The more I use ggplot2 the more I love the ability to use it to customize the presentation of the data to optimize understanding! The next plot might be accused of being a little “busy” but essentially answers our Oneway ANOVA question in one picture (note that I have stayed with the original decision to set \(\alpha\) = 0.01 significance level (99% confidence intervals)).

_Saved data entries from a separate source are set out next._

text \<open>If \<open>\<integral>\<^sub>A Y \<ge> 1\<close> the whole mass sits on \<open>A\<close>; otherwise \<open>Y\<close> is kept on \<open>A\<close> and scaled down
  by \<open>(1 - \<integral>\<^sub>A Y) / (\<integral> Y - \<integral>\<^sub>A Y)\<close> off \<open>A\<close>.\<close>

lemma Pset_zero_attains_min:
  assumes M: "prob_space M"
    and Y: "Y \<in> borel_measurable M" "\<forall>x\<in>space M. 0 \<le> Y x" "integrable M Y"
      "1 \<le> integral\<^sup>L M Y"
    and A: "A \<in> sets M"
  shows "\<exists>Q\<in>Pset M (\<lambda>_. 0) Y. measure Q A = min 1 (LINT x:A|M. Y x)"
proof -
  define a where "a = (LINT x:A|M. Y x)"
  define E where "E = integral\<^sup>L M Y"
  have scaled_below: "0 \<le> c * Y x \<and> c * Y x \<le> Y x" if "0 \<le> c" "c \<le> 1" "x \<in> space M" for c x
    using that Y(2) by (simp add: mult_left_le_one_le)
  show ?thesis
  proof (cases "1 \<le> a")
    case True
    have "\<exists>Q\<in>Pset M (\<lambda>_. 0) Y. measure Q A = (1 / a) * a"
      unfolding a_def
      by (rule two_level_density_in_Pset[OF prob_space_imp_sigma_finite[OF M] Y(1,3) A, where \<beta> = 0])
        (use True scaled_below[of "1 / a"] Y(2) in \<open>auto simp: a_def[symmetric]\<close>)
    then show ?thesis using True unfolding a_def by simp
  next
    case False
    have "1 - a \<le> E - a" using Y(4) unfolding E_def by simp
    then have c: "0 \<le> (1 - a) / (E - a)" "(1 - a) / (E - a) \<le> 1" using False by simp_all
    have "\<exists>Q\<in>Pset M (\<lambda>_. 0) Y. measure Q A = 1 * a"
      unfolding a_def
      by (rule two_level_density_in_Pset[OF prob_space_imp_sigma_finite[OF M] Y(1,3) A, where \<beta> = "(1 - a) / (E - a)"])
        (use False \<open>1 - a \<le> E - a\<close> scaled_below[OF c] Y(2) in
          \<open>auto simp: a_def[symmetric] E_def[symmetric]\<close>)
    then show ?thesis using False unfolding a_def by simp
  qed
qed

lemma setsup_Pset_zero:
  assumes M: "prob_space M"
    and Y: "Y \<in> borel_measurable M" "\<forall>x\<in>space M. 0 \<le> Y x" "integrable M Y"
      "1 \<le> integral\<^sup>L M Y"
    and A: "A \<in> sets M"
  shows "setsup (Pset M (\<lambda>_. 0) Y) A = min 1 (LINT x:A|M. Y x)"
  using measure_Pset_zero_le[OF prob_space_imp_sigma_finite[OF M] _ Y(1-3) A]
    Pset_zero_attains_min[OF assms]
  by (rule setsup_eqI)
(* Let $a,b,c\in\mathbb C$ with $c=a-b+1$. If $a$ is a negative integer, assume $c\notin\{a,a+1,\dots,0,1\}$; otherwise assume $2-c\notin\{1,2,3,\dots\}$. Set \[ f(z)=F(a,b+1;c+1;z),\quad g(z)=F(a,b-1;c-1;z),\quad h(z)=F(a,b;c;z). \] Then \[ z\big(f(z)g'(z)-f'(z)g(z)\big)=c\big(f(z)g(z)-h(z)^2\big) \] for all $z\in\mathbb C$ when $a$ is a negative integer, and for all $z\in\mathbb D$ otherwise.
   Context: The hypergeometric function is $F(a,b;c;z)=\sum_{k\ge0}\frac{(a)_k(b)_k}{(c)_k}\frac{z^k}{k!}$, where $(x)_0=1$ and $(x)_k=x(x+1)\cdots(x+k-1)$. It is defined for $|z|<1$ when $1-c\notin\{1,2,\dots\}$; when $a=-n$ with $n\in\mathbb N$ the series terminates at $k=n$ and defines a polynomial for all $z\in\mathbb C$ whenever $c\notin\{0,-1,\dots,1-n\}$. $\mathbb D=\{|z|<1\}$. *)

theory Defs
  imports "HOL-Analysis.Analysis"
begin

text \<open>As an infinite sum; in the terminating case (a = -n) all terms with k > n vanish,
  so it equals the polynomial for every z.\<close>
definition hyp2F1 :: "complex \<Rightarrow> complex \<Rightarrow> complex \<Rightarrow> complex \<Rightarrow> complex" where
  "hyp2F1 a b c z =
     (\<Sum>k. pochhammer a k * pochhammer b k / pochhammer c k * z ^ k / fact k)"

end

theory Submission
  imports Defs
begin

text \<open>All three series are power series at 0, so it suffices to prove the identity for the
  formal power series F = F(a,b+1;c+1), G = F(a,b-1;c-1), H = F(a,b;c) and then evaluate.
  Gauss' contiguous relation c H = (c - a X) F + X(1 - X) F' (and its shift
  (c - 1) G = (c - 1 - a X) H + X(1 - X) H') expresses G and H through F and its
  derivatives; the hypergeometric equation for F eliminates F'', and with b = a - c + 1 what
  remains is a polynomial identity. The series terminate when a is a negative integer and
  otherwise converge on the unit disc, where evaluation is a ring homomorphism.\<close>

definition hyp2F1_coeff :: "complex \<Rightarrow> complex \<Rightarrow> complex \<Rightarrow> nat \<Rightarrow> complex" where
  "hyp2F1_coeff a b c k = pochhammer a k * pochhammer b k / pochhammer c k / fact k"

text \<open>The denominator (c)_k vanishes only at indices where the numerator (a)_k does,
  so the ratio recurrence of the coefficients holds despite the junk value x / 0 = 0.\<close>
definition hyp2F1_admissible :: "complex \<Rightarrow> complex \<Rightarrow> bool" where
  "hyp2F1_admissible a c \<longleftrightarrow> (\<forall>k. c + of_nat k = 0 \<longrightarrow> pochhammer a (Suc k) = 0)"

definition hyp2F1_fps :: "complex \<Rightarrow> complex \<Rightarrow> complex \<Rightarrow> complex fps" where
  "hyp2F1_fps a b c = Abs_fps (hyp2F1_coeff a b c)"

lemma hyp2F1_coeff_0 [simp]: "hyp2F1_coeff a b c 0 = 1"
  by (simp add: hyp2F1_coeff_def)

lemma hyp2F1_coeff_eq_0: "pochhammer a k = 0 \<Longrightarrow> hyp2F1_coeff a b c k = 0"
  by (simp add: hyp2F1_coeff_def)
lemma small_pointwise_support:
  fixes C :: "(nat \<Rightarrow> 'a) set set"
  assumes "lt_card C \<kappa>"
    and rep: "\<And>d. d \<in> C \<Longrightarrow> \<exists>a :: nat \<Rightarrow> 'a. \<forall>\<sigma>. is_aut S \<sigma> \<longrightarrow> \<sigma> \<circ> a = a \<longrightarrow> act \<sigma> d = d"
  obtains A where "lt_card A \<kappa>" and "\<And>\<sigma>. is_aut S \<sigma> \<Longrightarrow> \<forall>x\<in>A. \<sigma> x = x \<Longrightarrow> fixes_all \<sigma> C"
proof -
  have "\<forall>d\<in>C. \<exists>a :: nat \<Rightarrow> 'a. \<forall>\<sigma>. is_aut S \<sigma> \<longrightarrow> \<sigma> \<circ> a = a \<longrightarrow> act \<sigma> d = d"
    using rep by blast
  then obtain r :: "(nat \<Rightarrow> 'a) set \<Rightarrow> nat \<Rightarrow> 'a"
    where r: "\<And>d. d \<in> C \<Longrightarrow> \<forall>\<sigma>. is_aut S \<sigma> \<longrightarrow> \<sigma> \<circ> r d = r d \<longrightarrow> act \<sigma> d = d"
    by metis
  have "lt_card (\<Union>d\<in>C. range (r d)) \<kappa>"
    using assms(1) by (rule lt_card_UN[OF \<kappa>]) (simp add: countable_lt_card[OF \<kappa>])
  moreover have "fixes_all \<sigma> C" if \<sigma>: "is_aut S \<sigma>" "\<forall>x\<in>(\<Union>d\<in>C. range (r d)). \<sigma> x = x" for \<sigma>
    unfolding fixes_all_def
  proof
    fix d
    assume d: "d \<in> C"
    then have "\<sigma> \<circ> r d = r d"
      using \<sigma>(2) by (auto simp: fun_eq_iff)
    then show "act \<sigma> d = d"
      using r[OF d] \<sigma>(1) by blast
  qed
  ultimately show thesis
    by (rule that)
qed

end
text \<open>Action of the channel on a list of runs: a run of length l < tau is kept,
  otherwise each of its l bits survives independently with probability 1 - d,
  so the number of surviving bits is Binomial(l, 1 - d).\<close>
fun thr_runs :: "nat \<Rightarrow> real \<Rightarrow> (bool \<times> nat) list \<Rightarrow> bool list pmf" where
  "thr_runs \<tau> d [] = return_pmf []"
| "thr_runs \<tau> d ((b, l) # rs) =
     bind_pmf (if l < \<tau> then return_pmf l else binomial_pmf l (1 - d)) (\<lambda>k.
     bind_pmf (thr_runs \<tau> d rs) (\<lambda>ys.
     return_pmf (replicate k b @ ys)))"

definition bdc_thr :: "nat \<Rightarrow> real \<Rightarrow> bool list \<Rightarrow> bool list pmf" where
  "bdc_thr \<tau> d x = thr_runs \<tau> d (runs x)"

text \<open>Binary entropy (with 0 log 0 = 0; in Isabelle ln 0 = 0).\<close>
definition bin_entropy :: "real \<Rightarrow> real" where
  "bin_entropy p = - p * log 2 p - (1 - p) * log 2 (1 - p)"

definition dec_error :: "(bool list \<Rightarrow> bool list pmf) \<Rightarrow> (nat \<Rightarrow> bool list) \<Rightarrow>
    (bool list \<Rightarrow> nat) \<Rightarrow> nat \<Rightarrow> real" where
  "dec_error W enc dec i = measure_pmf.prob (W (enc i)) {y. dec y \<noteq> i}"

ggplot(tyre, aes(reorder(Brands,Mileage),Mileage,fill=Brands))+
# ggplot(tyre, aes(Brands,Mileage,fill=Brands))+ # if you want to leave them alphabetic
  geom_jitter(colour = "dark gray",width=.1) +
  stat_boxplot(geom ='errorbar',width = 0.4) +
  geom_boxplot()+
  labs(title="Boxplot, dotplot and SEM plot of mileage for four brands of tyres", 
       x = "Brands (sorted)",
       y = "Mileage (in thousands)",
       subtitle ="Gray dots=sample data points, Black dot=outlier, Blue dot=mean, Red=99% confidence interval",
       caption = "Data from https://datascienceplus.com/one-way-anova-in-r/") +
  guides(fill=FALSE) +
  stat_summary(fun.data = "mean_cl_normal", colour = "red", size = 1.5, fun.args = list(conf.int=.99)) +
  stat_summary(geom="point", fun.y=mean, color="blue") +
  theme_bw()